• Exercise details: Lift out all lines below that contain "auto".

• Record extracts:
(* Let $w$, $w_{-\frac12}$, the nodes $(x_j,\pm y_j)$, $f_e$, $f_o$ and $\mathcal L_nf(x,y)=L_n(w_{-\frac12};f_e,x)+y\,L_n(w_{-\frac12};f_o,x)$ be as in the context, and equip the unit circle $\Omega$ with the normalized norm $$\|g\|^2_{L^2(\varpi,\Omega)}=c_w\int_{-\pi}^{\pi}|g(\cos\theta,\sin\theta)|^2w(\cos\theta)\,d\theta,\qquad c_w=\Big(\int_{-\pi}^{\pi}w(\cos\theta)\,d\theta\Big)^{-1}.$$ Then for every function $f$ on the unit circle, $$\|\mathcal L_nf\|_{L^2(\varpi,\Omega)}\le\max_{1\le j\le n}|f_e(x_j)|+\max_{1\le j\le n}|f_o(x_j)| .$$ Moreover, if $f_e$ and $f_o$ extend to continuous functions on $[-1,1]$, then $$\|\mathcal L_nf-f\|_{L^2(\varpi,\Omega)}\le 2E_{n-1}(f_e)_\infty+2E_{n-1}(f_o)_\infty,$$ and in particular $\|\mathcal L_nf-f\|_{L^2(\varpi,\Omega)}\to0$ as $n\to\infty$.
   Context: $w$ is an even nonnegative weight on $[-1,1]$ with infinite support, $w_{-\frac12}(t)=(1-t^2)^{-\frac12}w(t)$; $x_1,\dots,x_n$ are the zeros of the orthogonal polynomial $p_n(w_{-\frac12};\cdot)$ of degree $n$, $y_j=\sqrt{1-x_j^2}$. $f_e(x)=\frac{f(x,\sqrt{1-x^2})+f(x,-\sqrt{1-x^2})}{2}$, $f_o(x)=\frac{f(x,\sqrt{1-x^2})-f(x,-\sqrt{1-x^2})}{2\sqrt{1-x^2}}$. $L_n(v;g,\cdot)$ denotes the Lagrange interpolation polynomial of degree at most $n-1$ of $g$ at the zeros of $p_n(v;\cdot)$. For continuous $g$ on $[-1,1]$, $E_m(g)_\infty=\inf_{p\in\Pi_m}\|g-p\|_{\infty}$, where $\Pi_m$ is the space of polynomials of degree at most $m$ in one variable. *)

theory Defs
  imports "HOL-Analysis.Analysis" "HOL-Computational_Algebra.Polynomial"
begin

definition wmh :: "(real \<Rightarrow> real) \<Rightarrow> real \<Rightarrow> real" where
  "wmh w t = w t / sqrt (1 - t\<^sup>2)"

definition orth_poly :: "(real \<Rightarrow> real) \<Rightarrow> nat \<Rightarrow> real poly \<Rightarrow> bool" where
  "orth_poly v n p \<longleftrightarrow> degree p = n \<and>
     (\<forall>q :: real poly. degree q < n \<longrightarrow>
        integral {-1..1} (\<lambda>t. poly p t * poly q t * v t) = 0)"

definition lagrange_interp :: "real set \<Rightarrow> (real \<Rightarrow> real) \<Rightarrow> real \<Rightarrow> real" where
  "lagrange_interp X g t = (\<Sum>xj\<in>X. g xj * (\<Prod>xk\<in>X - {xj}. (t - xk) / (xj - xk)))"

definition L_interp :: "real poly \<Rightarrow> (real \<Rightarrow> real) \<Rightarrow> real \<Rightarrow> real" where
  "L_interp p g = lagrange_interp {x. poly p x = 0} g"

definition f_even :: "(real \<Rightarrow> real \<Rightarrow> real) \<Rightarrow> real \<Rightarrow> real" where
  "f_even f x = (f x (sqrt (1 - x\<^sup>2)) + f x (- sqrt (1 - x\<^sup>2))) / 2"

definition f_odd :: "(real \<Rightarrow> real \<Rightarrow> real) \<Rightarrow> real \<Rightarrow> real" where
  "f_odd f x = (f x (sqrt (1 - x\<^sup>2)) - f x (- sqrt (1 - x\<^sup>2))) / (2 * sqrt (1 - x\<^sup>2))"

definition circ_interp :: "real poly \<Rightarrow> (real \<Rightarrow> real \<Rightarrow> real) \<Rightarrow> real \<Rightarrow> real \<Rightarrow> real" where
  "circ_interp p f x y = L_interp p (f_even f) x + y * L_interp p (f_odd f) x"

definition c_w :: "(real \<Rightarrow> real) \<Rightarrow> real" where
  "c_w w = 1 / integral {-pi..pi} (\<lambda>\<theta>. w (cos \<theta>))"

definition circ_norm :: "(real \<Rightarrow> real) \<Rightarrow> (real \<Rightarrow> real \<Rightarrow> real) \<Rightarrow> real" where
  "circ_norm w g = sqrt (c_w w * integral {-pi..pi} (\<lambda>\<theta>. (g (cos \<theta>) (sin \<theta>))\<^sup>2 * w (cos \<theta>)))"

definition best_approx :: "nat \<Rightarrow> (real \<Rightarrow> real) \<Rightarrow> real" where
  "best_approx m g = (INF p\<in>{p :: real poly. degree p \<le> m}. (SUP t\<in>{-1..1}. \<bar>g t - poly p t\<bar>))"

end

theory Submission
  imports Defs
begin

text \<open>
  On the circle, \<open>\<L>\<^sub>n f (cos \<theta>, sin \<theta>) = A (cos \<theta>) + sin \<theta> B (cos \<theta>)\<close> with \<open>A\<close>, \<open>B\<close> the
  Lagrange interpolants of \<open>f\<^sub>e\<close>, \<open>f\<^sub>o\<close> at the zeros of \<open>p\<^sub>n(w\<^sub>-\<^sub>1\<^sub>/\<^sub>2)\<close>. The cross term
  \<open>2 sin \<theta> A B\<close> is odd in \<open>\<theta>\<close> and integrates to zero, and \<open>x = cos \<theta>\<close> turns what remains into
  \<open>\<integral> (A\<^sup>2 + (1 - x\<^sup>2) B\<^sup>2) w\<^sub>-\<^sub>1\<^sub>/\<^sub>2\<close>. As \<open>A\<^sup>2\<close>, \<open>B\<^sup>2\<close> have degree below \<open>2n\<close>, Gauss quadrature with
  nonnegative Christoffel numbers evaluates their integrals from the node values alone, which gives
  the first bound. Interpolation reproduces polynomials of degree below \<open>n\<close>, so subtracting
  near-best approximations \<open>q\<^sub>e\<close>, \<open>q\<^sub>o\<close> of \<open>f\<^sub>e\<close>, \<open>f\<^sub>o\<close> leaves the interpolant of the approximation
  error minus that error itself; bounding both terms uniformly gives the second estimate, and
  Weierstrass' theorem the convergence.
\<close>

section \<open>Lagrange interpolation and sign changes of real polynomials\<close>

definition lagrange_basis :: "real set \<Rightarrow> real \<Rightarrow> real poly" where
  "lagrange_basis X j = (\<Prod>k\<in>X - {j}. [:-k / (j - k), 1 / (j - k):])"

definition lagrange_poly :: "real set \<Rightarrow> (real \<Rightarrow> real) \<Rightarrow> real poly" where
  "lagrange_poly X g = (\<Sum>j\<in>X. smult (g j) (lagrange_basis X j))"

lemma poly_lagrange_basis: "poly (lagrange_basis X j) t = (\<Prod>k\<in>X - {j}. (t - k) / (j - k))"
  unfolding lagrange_basis_def poly_prod
  by (intro prod.cong) (auto simp: diff_divide_distrib)

lemma lagrange_interp_eq_poly: "lagrange_interp X g t = poly (lagrange_poly X g) t"
  unfolding lagrange_interp_def lagrange_poly_def by (simp add: poly_sum poly_lagrange_basis)

lemma degree_lagrange_basis:
  assumes "finite X" "j \<in> X"
  shows "degree (lagrange_basis X j) \<le> card X - 1"
proof -
  have "degree (lagrange_basis X j) \<le> sum (degree \<circ> (\<lambda>k. [:-k / (j - k), 1 / (j - k):])) (X - {j})"
    unfolding lagrange_basis_def by (rule degree_prod_sum_le) (use assms in auto)
  also have "\<dots> \<le> (\<Sum>k\<in>X - {j}. 1)" by (rule sum_mono) simp
  finally show ?thesis using assms by simp
qed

• Solution for this problem:
  by (intro prod.cong) (auto simp: diff_divide_distrib)
    unfolding lagrange_basis_def by (rule degree_prod_sum_le) (use assms in auto)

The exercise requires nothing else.